If you are watching an event occurring, you are aware of time moving on in equal steps (as the hand of a stop watch moves round) A x/t or v/t graph displays something in terms that you can easily appreciate. Mostly, you do your measurements or calculations for equally spaced values of t. This is not actually necessary.
A x/v graph is less tangible and you may just have to start off accepting that it is 'right' (assuming that you have drawn it correctly). As @FactChecker says, drawing up a table from all your various values of t will get the numbers down so that you can use them. When you try to plot v against x you will not get your points in a nice regular spacing. It doesn't matter. A smooth curve, drawn through those points is just as valid as drawing a smooth curve through a regularly spaced set of points. You can go to an x value and read off what the velocity will be at that place.

PS I remember I was marking a boy's homework and he had drawn a graph of results of a lab experiment. He had put all his dots along a straight diagonal line, on the corners of the 10mm graph paper squares and written the values of each variable (I can't remember what the variables were) on the X and Y axes. I asked him why he had done it that way and he said "My Mum told me to do it that way". Funny thing was that the graph actually had all the information about his experiment on it (all the data was there). It was just in a very indigestible form. You don't have that problem, Abhishek. You can draw the graph right and you can get information back off it.

 

[Abhishek332211]

I guess you really mean you have problems interpreting what graphs actually do for you. You cannot believe that what you are drawing is meaningful for the x/v graph. At School, you are so often told to plot a graph but far less often are you required to get information back off a graph - but that is what graphs are for.

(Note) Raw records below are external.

lemma card_inversions_on_compose_adjacent_transpose:
  assumes "p permutes A" "finite A" "i \<in> A" "Suc i \<in> A"
  shows "(-1::int) ^ card (inversions_on A (p \<circ> transpose i (Suc i)))
           = - ((-1) ^ card (inversions_on A p))"
proof -
  define t where "t = transpose i (Suc i)"
  define d where "d = (i, Suc i)"
  have tt: "t \<circ> t = id" by (simp add: t_def fun_eq_iff)
  have moved: "map_prod t t ` (inversions_on A q - {d}) \<subseteq> inversions_on A (q \<circ> t) - {d}" for q
  proof
    fix z assume "z \<in> map_prod t t ` (inversions_on A q - {d})"
    then obtain x y where z: "z = (t x, t y)" and xy: "(x, y) \<in> inversions_on A q" "(x, y) \<noteq> d"
      by auto
    \<comment> \<open>t preserves the order of every pair except d\<close>
    have "t x < t y" "(t x, t y) \<noteq> d"
      using xy by (auto simp: t_def d_def inversions_on_def transpose_def)
    moreover have "t x \<in> A" "t y \<in> A" using xy assms(3,4) by (auto simp: t_def inversions_on_def transpose_def)
    ultimately show "z \<in> inversions_on A (q \<circ> t) - {d}"
      using xy tt unfolding z inversions_on_def by (auto simp: pointfree_idE)
  qed
  have "inversions_on A (p \<circ> t) - {d} = map_prod t t ` (inversions_on A p - {d})"
  proof
    have "inversions_on A (p \<circ> t) - {d} = map_prod t t ` map_prod t t ` (inversions_on A (p \<circ> t) - {d})"
      using tt by (simp add: image_comp map_prod.comp map_prod.id)
    also have "\<dots> \<subseteq> map_prod t t ` (inversions_on A p - {d})"
      using moved[of "p \<circ> t"] tt by (intro image_mono) (simp add: comp_assoc)
    finally show "inversions_on A (p \<circ> t) - {d} \<subseteq> \<dots>" .
  qed (rule moved)
  moreover have "inj (map_prod t t)" by (simp add: t_def prod.inj_map)
  ultimately have same: "card (inversions_on A (p \<circ> t) - {d}) = card (inversions_on A p - {d})"
    by (simp add: card_image inj_on_subset)
  have "p i \<noteq> p (Suc i)" using permutes_inj[OF assms(1)] by (simp add: inj_eq)
  then have "d \<in> inversions_on A (p \<circ> t) \<longleftrightarrow> d \<notin> inversions_on A p"
    using assms(3,4) by (auto simp: inversions_on_def d_def t_def)
  moreover have remove_d: "card (inversions_on A q) = Suc (card (inversions_on A q - {d}))"
    if "d \<in> inversions_on A q" for q
    using that card.remove[OF finite_inversions_on[OF assms(2)]] by blast
  ultimately have "card (inversions_on A (p \<circ> t)) + card (inversions_on A p)
                     = Suc (2 * card (inversions_on A p - {d}))"
    using same by (cases "d \<in> inversions_on A p") (simp_all add: remove_d del: card_Diff_insert)
  then have "odd (card (inversions_on A (p \<circ> t)) + card (inversions_on A p))" by presburger
  then show ?thesis unfolding t_def by (auto simp: minus_one_power_iff)
qed

lemma card_inversions_on_compose_adj_transps:
  assumes "p permutes A" "finite A" "\<forall>x\<in>set xs. x \<in> A \<and> Suc x \<in> A"
  shows "(-1::int) ^ card (inversions_on A (p \<circ> apply_adj_transps xs))
           = (-1) ^ length xs * (-1) ^ card (inversions_on A p)"
  using assms
proof (induction xs arbitrary: p)
  case (Cons x xs)
  let ?t = "transpose x (Suc x)"
  have "p \<circ> ?t permutes A"
    using Cons.prems by (intro permutes_compose permutes_swap_id) auto
  then have "(-1::int) ^ card (inversions_on A ((p \<circ> ?t) \<circ> apply_adj_transps xs))
               = (-1) ^ length xs * (-1) ^ card (inversions_on A (p \<circ> ?t))"
    by (rule Cons.IH) (use Cons.prems in auto)
  also have "\<dots> = (-1) ^ length (x # xs) * (-1) ^ card (inversions_on A p)"
    using card_inversions_on_compose_adjacent_transpose[of p A x] Cons.prems by simp
  also have "(p \<circ> ?t) \<circ> apply_adj_transps xs = p \<circ> apply_adj_transps (x # xs)"
    by (simp add: comp_assoc)
  finally show ?case .
qed simp

lemma sign_eq_card_inversions_on:
  assumes "p permutes {m..n::nat}"
  shows "sign p = (-1) ^ card (inversions_on {m..n} p)"
  using finite_atLeastAtMost assms
proof (induction rule: permutes_rev_induct)
  case id
  have "inversions_on {m..n} (\<lambda>x. x) = {}" by (auto simp: inversions_on_def)
  then show ?case by simp
next
  case (swap a b p)
  have flip: "(-1::int) ^ card (inversions_on {m..n} (p \<circ> transpose a b))
                = - ((-1) ^ card (inversions_on {m..n} p))"
    if "a < b" "a \<in> {m..n}" "b \<in> {m..n}" for a b
  proof -
    have "(-1::int) ^ card (inversions_on {m..n} (p \<circ> apply_adj_transps (adj_transp_seq a b)))
            = (-1) ^ length (adj_transp_seq a b) * (-1) ^ card (inversions_on {m..n} p)"
      using that swap.hyps(4)
      by (intro card_inversions_on_compose_adj_transps) (auto simp: set_adj_transp_seq)
    moreover have "odd (length (adj_transp_seq a b))"
      using that by (simp add: length_adj_transp_seq)
    ultimately show ?thesis using that by (simp add: adj_transp_seq_correct)
  qed
  have "(-1::int) ^ card (inversions_on {m..n} (p \<circ> transpose a b))
          = - ((-1) ^ card (inversions_on {m..n} p))"
    using flip[of a b] flip[of b a] swap.hyps(1-3) by (cases a b rule: linorder_cases) (auto simp: transpose_commute)
  moreover have "sign (p \<circ> transpose a b) = - sign p"
    using swap by (subst sign_compose) (auto simp: sign_swap_id permutation_permutes intro: permutes_swap_id)
  ultimately show ?case using swap.IH by (simp only:)
qed

section \<open>The sign of an ordered partition\<close>

definition wf_blocks :: "nat set list \<Rightarrow> bool" where
  "wf_blocks P \<longleftrightarrow> distinct P \<and> disjoint (set P) \<and> (\<forall>I\<in>set P. finite I)"

definition block_index :: "nat set list \<Rightarrow> nat \<Rightarrow> nat" where
  "block_index P x = (THE k. k < length P \<and> x \<in> P ! k)"

definition block_offset :: "nat set list \<Rightarrow> nat \<Rightarrow> nat" where
  "block_offset P k = (\<Sum>j<k. card (P ! j))"

definition rank_in :: "nat set \<Rightarrow> nat \<Rightarrow> nat" where
  "rank_in A x = card {y \<in> A. y \<le> x}"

If you are watching an event occurring, you are aware of time moving on in equal steps (as the hand of a stop watch moves round) A x/t or v/t graph displays something in terms that you can easily appreciate. Mostly, you do your measurements or calculations for equally spaced values of t. This is not actually necessary.
A x/v graph is less tangible and you may just have to start off accepting that it is 'right' (assuming that you have drawn it correctly). As @FactChecker says, drawing up a table from all your various values of t will get the numbers down so that you can use them. When you try to plot v against x you will not get your points in a nice regular spacing. It doesn't matter. A smooth curve, drawn through those points is just as valid as drawing a smooth curve through a regularly spaced set of points. You can go to an x value and read off what the velocity will be at that place.

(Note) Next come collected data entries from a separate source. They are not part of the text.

lemma run_phase:
  assumes "phase_ok dst ts is"
  shows "i \<in> set is \<Longrightarrow> run_prog (phase dst ts is) m (addr (dst i)) = sumprod addr m (ts i)"
    and "reg_ok r \<Longrightarrow> r \<notin> range dst \<union> {Tmp1, Tmp2} \<Longrightarrow> run_prog (phase dst ts is) m (addr r) = m (addr r)"
proof -
  have ok: "inj dst" "Tmp1 \<notin> range dst" "Tmp2 \<notin> range dst" "\<And>i. i \<in> set is \<Longrightarrow> reg_ok (dst i)"
    "\<And>i c x y. i \<in> set is \<Longrightarrow> (c, x, y) \<in> set (ts i) \<Longrightarrow>
       reg_ok x \<and> reg_ok y \<and> x \<notin> range dst \<union> {Tmp1, Tmp2} \<and> y \<notin> range dst \<union> {Tmp1, Tmp2}"
    using assms unfolding phase_ok_def by fast+
  have "inj_on addr {r. reg_ok r}" "Tmp1 \<in> {r. reg_ok r}" "Tmp2 \<in> {r. reg_ok r}" "Tmp1 \<noteq> Tmp2"
    "Tmp1 \<notin> dst ` set is" "Tmp2 \<notin> dst ` set is" "inj_on dst (set is)" "dst ` set is \<subseteq> {r. reg_ok r}"
    using inj_on_addr ok(1-4) by (auto simp: inj_on_def)
  note batch = run_batch_prog[OF this]
  show "i \<in> set is \<Longrightarrow> run_prog (phase dst ts is) m (addr (dst i)) = sumprod addr m (ts i)"
    by (rule batch(1)) (use ok(5) in blast)+
  show "reg_ok r \<Longrightarrow> r \<notin> range dst \<union> {Tmp1, Tmp2} \<Longrightarrow> run_prog (phase dst ts is) m (addr r) = m (addr r)"
    by (rule batch(2)) (use ok(5) in blast)+
qed

lemma phase_regs:
  assumes "phase_ok dst ts is" "ins \<in> set (phase dst ts is)"
  shows "instr_regs ins \<subseteq> addr ` {r. reg_ok r}"
proof (rule batch_prog_regs[OF assms(2)])
  show "\<And>i c x y. i \<in> set is \<Longrightarrow> (c, x, y) \<in> set (ts i) \<Longrightarrow> x \<in> {r. reg_ok r} \<and> y \<in> {r. reg_ok r}"
    and "dst ` set is \<subseteq> {r. reg_ok r}"
    using assms(1) unfolding phase_ok_def by fast+
qed simp_all

lemma type_signal_phase_ok: "phase_ok TypeSignal type_signal_terms [0..<C]"
  by (auto simp: phase_ok_def inj_def image_iff type_signal_terms_def)

lemma type_weight_phase_ok: "phase_ok (\<lambda>(\<alpha>, \<beta>). TypeWeight \<alpha> \<beta>) type_weight_terms type_pairs"
  by (auto simp: phase_ok_def inj_def image_iff type_pairs_def type_weight_terms_def)

lemma coupling_phase_ok: "phase_ok (\<lambda>(\<alpha>, \<gamma>). Coupling \<alpha> \<gamma>) coupling_terms type_pairs"
  by (auto simp: phase_ok_def inj_def image_iff type_pairs_def coupling_terms_def)

lemma output_phase_ok: "phase_ok (\<lambda>(p, q). Out p q) output_terms unit_pairs"
  by (auto simp: phase_ok_def inj_def image_iff unit_pairs_def output_terms_def)

lemma next_trace_phase_ok: "phase_ok (\<lambda>(\<alpha>, p, q). NextTrace \<alpha> p q) next_trace_terms trace_indices"
  by (auto simp: phase_ok_def inj_def image_iff trace_indices_def unit_pairs_def next_trace_terms_def type_less)

lemma commit_phase_ok: "phase_ok (\<lambda>(\<alpha>, p, q). Trace \<alpha> p q) commit_terms trace_indices"
  by (auto simp: phase_ok_def inj_def image_iff trace_indices_def unit_pairs_def commit_terms_def)

lemma run_type_signal_phase:
  shows "\<alpha> < C \<Longrightarrow> run_prog type_signal_phase m (addr (TypeSignal \<alpha>)) =
      (\<Sum>j\<in>{j. j < N \<and> ct j = \<alpha>}. m (addr (L_in j)) * m (addr (h_in j)))"
    and "reg_ok r \<Longrightarrow> r \<notin> range TypeSignal \<union> {Tmp1, Tmp2} \<Longrightarrow>
      run_prog type_signal_phase m (addr r) = m (addr r)"
  using run_phase[OF type_signal_phase_ok, folded type_signal_phase_def]
  by (auto simp: type_signal_terms_def sum_list_map_upt sum_type_eq_masked_sum intro!: sum.cong)

lemma run_type_weight_phase:
  shows "\<alpha> < C \<Longrightarrow> \<beta> < C \<Longrightarrow> run_prog type_weight_phase m (addr (TypeWeight \<alpha> \<beta>)) =
      (\<Sum>j<N. \<Sum>p<N. (if ct j = \<alpha> \<and> ct p = \<beta> then 1 / (real (ncount N ct \<alpha>) * real (ncount N ct \<beta>)) else 0)
         * m (addr (W_in j p))) * m (addr One)"
    and "reg_ok r \<Longrightarrow> r \<notin> range (\<lambda>(\<alpha>, \<beta>). TypeWeight \<alpha> \<beta>) \<union> {Tmp1, Tmp2} \<Longrightarrow>
      run_prog type_weight_phase m (addr r) = m (addr r)"
  using run_phase(1)[OF type_weight_phase_ok, folded type_weight_phase_def, where i = "(\<alpha>, \<beta>)"]
    run_phase(2)[OF type_weight_phase_ok, folded type_weight_phase_def]
  by (auto simp: type_weight_terms_def type_pairs_def sum_list_map_upt sum_distrib_right)

lemma run_coupling_phase:
  shows "\<alpha> < C \<Longrightarrow> \<gamma> < C \<Longrightarrow> run_prog coupling_phase m (addr (Coupling \<alpha> \<gamma>)) =
      real (ncount N ct \<gamma>) * m (addr (TypeWeight \<alpha> \<gamma>)) * m (addr \<mu>_in)"
    and "reg_ok r \<Longrightarrow> r \<notin> range (\<lambda>(\<alpha>, \<gamma>). Coupling \<alpha> \<gamma>) \<union> {Tmp1, Tmp2} \<Longrightarrow>
      run_prog coupling_phase m (addr r) = m (addr r)"
  using run_phase(1)[OF coupling_phase_ok, folded coupling_phase_def, where i = "(\<alpha>, \<gamma>)"]
    run_phase(2)[OF coupling_phase_ok, folded coupling_phase_def]
  by (auto simp: coupling_terms_def type_pairs_def)

lemma run_output_phase:
  shows "p < N \<Longrightarrow> q < N \<Longrightarrow> run_prog output_phase m (addr (Out p q)) =
      m (addr (L_in p)) * m (addr (e_in p q)) + (\<Sum>\<alpha><C. m (addr (TypeSignal \<alpha>)) * m (addr (Trace \<alpha> p q)))"
    and "reg_ok r \<Longrightarrow> r \<notin> range (\<lambda>(p, q). Out p q) \<union> {Tmp1, Tmp2} \<Longrightarrow>
      run_prog output_phase m (addr r) = m (addr r)"
  using run_phase(1)[OF output_phase_ok, folded output_phase_def, where i = "(p, q)"]
    run_phase(2)[OF output_phase_ok, folded output_phase_def]
  by (auto simp: output_terms_def unit_pairs_def sum_list_map_upt)

lemma run_next_trace_phase:
  shows "\<alpha> < C \<Longrightarrow> p < N \<Longrightarrow> q < N \<Longrightarrow> run_prog next_trace_phase m (addr (NextTrace \<alpha> p q)) =
      m (addr (TypeWeight \<alpha> (ct p))) * m (addr (e_in p q)) +
      (\<Sum>\<gamma><C. m (addr (Coupling \<alpha> \<gamma>)) * m (addr (Trace \<gamma> p q)))"
    and "reg_ok r \<Longrightarrow> r \<notin> range (\<lambda>(\<alpha>, p, q). NextTrace \<alpha> p q) \<union> {Tmp1, Tmp2} \<Longrightarrow>
      run_prog next_trace_phase m (addr r) = m (addr r)"
  using run_phase(1)[OF next_trace_phase_ok, folded next_trace_phase_def, where i = "(\<alpha>, p, q)"]
    run_phase(2)[OF next_trace_phase_ok, folded next_trace_phase_def]
  by (auto simp: next_trace_terms_def trace_indices_def unit_pairs_def sum_list_map_upt)

lemma run_commit_phase:
  shows "\<alpha> < C \<Longrightarrow> p < N \<Longrightarrow> q < N \<Longrightarrow> run_prog commit_phase m (addr (Trace \<alpha> p q)) =
      m (addr (NextTrace \<alpha> p q)) * m (addr One)"
    and "reg_ok r \<Longrightarrow> r \<notin> range (\<lambda>(\<alpha>, p, q). Trace \<alpha> p q) \<union> {Tmp1, Tmp2} \<Longrightarrow>
      run_prog commit_phase m (addr r) = m (addr r)"
  using run_phase(1)[OF commit_phase_ok, folded commit_phase_def, where i = "(\<alpha>, p, q)"]
    run_phase(2)[OF commit_phase_ok, folded commit_phase_def]
  by (auto simp: commit_terms_def trace_indices_def unit_pairs_def)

PS I remember I was marking a boy's homework and he had drawn a graph of results of a lab experiment. He had put all his dots along a straight diagonal line, on the corners of the 10mm graph paper squares and written the values of each variable (I can't remember what the variables were) on the X and Y axes. I asked him why he had done it that way and he said "My Mum told me to do it that way". Funny thing was that the graph actually had all the information about his experiment on it (all the data was there). It was just in a very indigestible form. You don't have that problem, Abhishek. You can draw the graph right and you can get information back off it.

Thanks for all the help and suggestions regarding the approach that I should have while trying to draw v-x graphs. Sorry I didn't have access to internet, hence I'm responding late. And yeah, that's exactly what my problem is (was). Prior to drawing it, I had no idea what the curve will look like. I don't know how to put it. Let me put it this way - Let's say a ball is thrown straight up, and if I'm asked to draw it's x-t, v-t, or a-t graph, I can easily draw them without even making a table and working out different values of y for different values of x. Because in case of an x-t graph, the slope (i.e. velocity) will keep decreasing, and until the slope becomes zero, it's displacement will keep increasing, and then it'll have a negative slope (as it acquires a negative velocity) and then the slope will keep getting steeper and steeper. It's v-t graph is even easier to draw as the ball experiences a constant retardation. The point I'm trying to convey is, as I said earlier, I can easily draw x-t and v-t graphs without even making a table and working out different values of y for different values of x. But in case of a 'v vs x' graph, I just couldn't imagine what the 'v vs x' curve of a ball thrown straight up will look like. I had no idea whatsoever. May be, because the slope of a v-x curve has no physical meanings? I don't know, but I just couldn't figure out what the curve would look like.
I tried drawing the graph by making a table, and this is what I got. I want you to have a look at it and please let me know if I've made any mistake :)

 

[sophiecentaur]

@abhishek : First of all, let me congratulate you for drawing that graph in that orientation. There is a great temptation to draw 'up' 'upwards' and you avoided doing that.
It's OK, of course - you did the sums correctly and that should give you confidence.
When I was at school, we had no computers etc. etc. so we were taught more analytical methods for 'sketching' the graphs of functions. I'm not sure if modern day students are taught this approach. You have a formula, relating two variables and you want to know that the graph will look like. You can tell where the zero crossings are, in this case: the maximum + and - velocities will be at height = zero and you know that the speed will be a minimum at the maximum height. If the trajectory is vertical then the velocity will be zero sat maximum height and there will be a (smooth) turning value of speed around the top of the trajectory. The motion is under constant acceleration so nothing can change fast. If the trajectory is vertical, the velocity will be, assuming energy is conserved. So, without doing any calculations, you can predict the curve will have the sort of shape you have plotted. Potential energy gained at the top will be equal to the Kinetic Energy lost so mv²/2 = mgh, which tells you the maximum velocity. The shape of x/v is a parabola (from the formula) so you can sketch one, freehand, from the zero crossing on the y-axis and the zero crossing on the x axis.
I haven't mentioned "physical meaning" explicitly but Energy is clearly part of this so there is a Physical relationship between the two variables. It's just an 'unfamiliar meaning'.